A Brief Introduction to Suffering in Buddhism

Suffering is the fundamental tenet of Buddhism. It is the first of the four holy truths and is the fundamental of the holy truths. It is a mighty concept to which whole books can be devoted to. A small way of describing it is as follows:

“What then is the Holy Truth of ill? Birth is ill, decay is ill, sickness is ill, death is ill. To be conjoined with what one dislikes is suffering. To be disjoined with what one dislikes is suffering. To be disjoined with what one likes means suffering. Not to get one wants, also that means suffering. In short, all grasping at (any of) the five skandhas (involves suffering)” (majjhima nikaya 141)

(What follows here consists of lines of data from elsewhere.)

(* There is an absolute constant $c$ such that the following holds. Let $\mathbf A\in\mathbb R^{m\times n}$, let $\lambda_1\ge\lambda_2\ge\dots\ge\lambda_n$ be the eigenvalues of $\mathbf A^\top\mathbf A$, let $0<c_1\le c_2$ and $\gamma=c_2/c_1$, let $k\in\{1,\dots,n-1\}$ and $S\sim k\text{-}\mathrm{DPP}(\mathbf A^\top\mathbf A)$. 1. (Polynomial decay) If $p>1$ and $c_1i^{-p}\le\lambda_i\le c_2 i^{-p}$ for all $i$, then $\frac{\mathbb E[\mathrm{Er}_{\mathbf A}(S)]}{\mathrm{OPT}_k}\le c\gamma p$. 2. (Exponential decay) If $\delta\in(0,1)$ and $c_1(1-\delta)^i\le\lambda_i\le c_2(1-\delta)^i$ for all $i$, then $\frac{\mathbb E[\mathrm{Er}_{\mathbf A}(S)]}{\mathrm{OPT}_k}\le c\gamma(1+\delta k)$.
   Context: For $\mathbf A\in\mathbb R^{m\times n}$ with columns $\mathbf a_1,\dots,\mathbf a_n$ and $S\subseteq\{1,\dots,n\}$, $\mathbf P_S$ denotes the orthogonal projection onto $\mathrm{span}\{\mathbf a_i:i\in S\}$ and $\mathrm{Er}_{\mathbf A}(S)=\|\mathbf A-\mathbf P_S\mathbf A\|_F^2$. $\mathrm{OPT}_k=\min_{\mathrm{rank}(\mathbf B)=k}\|\mathbf A-\mathbf B\|_F^2=\sum_{i>k}\lambda_i$. $S\sim k\text{-}\mathrm{DPP}(\mathbf A^\top\mathbf A)$ denotes the distribution over subsets $S\subseteq\{1,\dots,n\}$ with $|S|=k$ and $\Pr(S)\propto\det(\mathbf A_S^\top\mathbf A_S)$, where $\mathbf A_S$ is the submatrix of columns indexed by $S$. *)

theory Defs
  imports Jordan_Normal_Form.Char_Poly Jordan_Normal_Form.DL_Submatrix
begin

(* Columns of A : real mat (A \<in> carrier_mat m n) are indexed 0..n-1. *)

definition cols_sub :: "real mat \<Rightarrow> nat set \<Rightarrow> real mat" where
  "cols_sub A S = submatrix A {..<dim_row A} S"

definition col_span :: "real mat \<Rightarrow> nat set \<Rightarrow> real vec set" where
  "col_span A S = {cols_sub A S *\<^sub>v x | x. x \<in> carrier_vec (dim_col (cols_sub A S))}"

definition orth_proj :: "nat \<Rightarrow> real vec set \<Rightarrow> real mat" where
  "orth_proj m V = (THE P. P \<in> carrier_mat m m \<and> P * P = P \<and> transpose_mat P = P
      \<and> {P *\<^sub>v v | v. v \<in> carrier_vec m} = V)"

definition proj_S :: "real mat \<Rightarrow> nat set \<Rightarrow> real mat" where
  "proj_S A S = orth_proj (dim_row A) (col_span A S)"

definition frob_sq :: "real mat \<Rightarrow> real" where
  "frob_sq B = (\<Sum>i<dim_row B. \<Sum>j<dim_col B. (B $$ (i, j))\<^sup>2)"

definition Er :: "real mat \<Rightarrow> nat set \<Rightarrow> real" where
  "Er A S = frob_sq (A - proj_S A S * A)"

definition ksubsets :: "nat \<Rightarrow> nat \<Rightarrow> nat set set" where
  "ksubsets n k = {S. S \<subseteq> {..<n} \<and> card S = k}"

definition dpp_weight :: "real mat \<Rightarrow> nat set \<Rightarrow> real" where
  "dpp_weight A S = det (transpose_mat (cols_sub A S) * cols_sub A S)"

definition kDPP_expect :: "real mat \<Rightarrow> nat \<Rightarrow> (nat set \<Rightarrow> real) \<Rightarrow> real" where
  "kDPP_expect A k f =
     (\<Sum>S\<in>ksubsets (dim_col A) k. dpp_weight A S * f S) /
     (\<Sum>S\<in>ksubsets (dim_col A) k. dpp_weight A S)"

definition is_sorted_eigs :: "real mat \<Rightarrow> (nat \<Rightarrow> real) \<Rightarrow> bool" where
  "is_sorted_eigs A lam \<longleftrightarrow>
     (\<forall>i j. 1 \<le> i \<longrightarrow> i \<le> j \<longrightarrow> j \<le> dim_col A \<longrightarrow> lam j \<le> lam i) \<and>
     mset (map lam [1..<dim_col A + 1]) = proots (char_poly (transpose_mat A * A))"

definition OPT :: "real mat \<Rightarrow> (nat \<Rightarrow> real) \<Rightarrow> nat \<Rightarrow> real" where
  "OPT A lam k = (\<Sum>i\<in>{k<..dim_col A}. lam i)"

end

theory Submission
  imports Defs
begin

text \<open>Let \<open>e\<^sub>j\<close> be the \<open>j\<close>-th elementary symmetric polynomial of the eigenvalues
  \<open>\<lambda>\<^sub>1 \<ge> \<dots> \<ge> \<lambda>\<^sub>n\<close> of \<open>A\<^sup>T A\<close>. Comparing coefficients of the characteristic polynomial, \<open>e\<^sub>j\<close> is
  the sum of the \<open>j \<times> j\<close> principal minors of \<open>A\<^sup>T A\<close>, i.e. of the DPP weights
  \<open>det (A\<^sub>S\<^sup>T A\<^sub>S)\<close>. By the Schur complement, \<open>det (A\<^sub>S\<^sup>T A\<^sub>S) Er(S)\<close> is the sum of the weights of
  the sets \<open>S \<union> {j}\<close>, \<open>j \<notin> S\<close>, so double counting gives \<open>E[Er(S)] = (k + 1) e\<^sub>k\<^sub>+\<^sub>1 / e\<^sub>k\<close>.

  Every \<open>(k + 1)\<close>-set has at least \<open>w + 1\<close> indices \<open>> k - w\<close>; removing one of them shows
  \<open>(w + 1) e\<^sub>k\<^sub>+\<^sub>1 \<le> e\<^sub>k (OPT\<^sub>k + s \<lambda>\<^sub>k\<^sub>-\<^sub>w\<^sub>+\<^sub>1)\<close> with \<open>s = min (n - k) w\<close>, and
  \<open>s \<lambda>\<^sub>k\<^sub>+\<^sub>s \<le> OPT\<^sub>k\<close>. Hence \<open>E[Er(S)] / OPT\<^sub>k \<le> (k + 1) (1 + \<rho>) / (w + 1)\<close> where
  \<open>\<rho> \<ge> \<lambda>\<^sub>k\<^sub>-\<^sub>w\<^sub>+\<^sub>1 / \<lambda>\<^sub>k\<^sub>+\<^sub>s\<close>. Taking \<open>w \<approx> k / (2 p)\<close> for polynomial and \<open>w \<approx> min k (1 / \<delta>)\<close>
  for exponential decay makes \<open>\<rho>\<close> at most \<open>c\<^sub>2 / c\<^sub>1\<close> times a constant.\<close>

definition principal_minor :: "(nat \<Rightarrow> nat \<Rightarrow> 'a :: comm_ring_1) \<Rightarrow> nat set \<Rightarrow> 'a" where
  "principal_minor M T = (\<Sum>p\<in>{p. p permutes T}. of_int (sign p) * (\<Prod>i\<in>T. M i (p i)))"

lemma principal_minor_cong:
  assumes "\<And>i j. i \<in> T \<Longrightarrow> j \<in> T \<Longrightarrow> M i j = M' i j"
  shows "principal_minor M T = principal_minor M' T"
  unfolding principal_minor_def
proof (rule sum.cong[OF refl])
  fix p assume "p \<in> {p. p permutes T}"
  then have "\<And>i. i \<in> T \<Longrightarrow> p i \<in> T" by (simp add: permutes_in_image)
  then show "of_int (sign p) * (\<Prod>i\<in>T. M i (p i)) = of_int (sign p) * (\<Prod>i\<in>T. M' i (p i))"
    using assms by (simp cong: prod.cong)
qed

lemma principal_minor_uminus:
  "finite T \<Longrightarrow> principal_minor (\<lambda>i j. - M i j) T = (-1) ^ card T * principal_minor M T"
  unfolding principal_minor_def by (simp add: prod_uminus sum_distrib_left mult_ac)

We always tend to think that there is some happiness that can be found in life. However, all of us tend to suffer. And we do not realize this. As the Buddha put it, it is one of the most difficult truths to ever understand. Some of the ways in which suffering can be understood is as follows:

- Something, while pleasant, involves the suffering of others – Roasted Duck is pleasant as long as the feelings of the duck are ignored.

- Something, while pleasant, is tied up with anxiety, and with a sense of losing it – The minute we tend to get attached to something, we are afraid of losing it. A beautiful woman is always worried about losing her beauty, caused by age. A powerful businessman or a minister is always afraid of losing his position.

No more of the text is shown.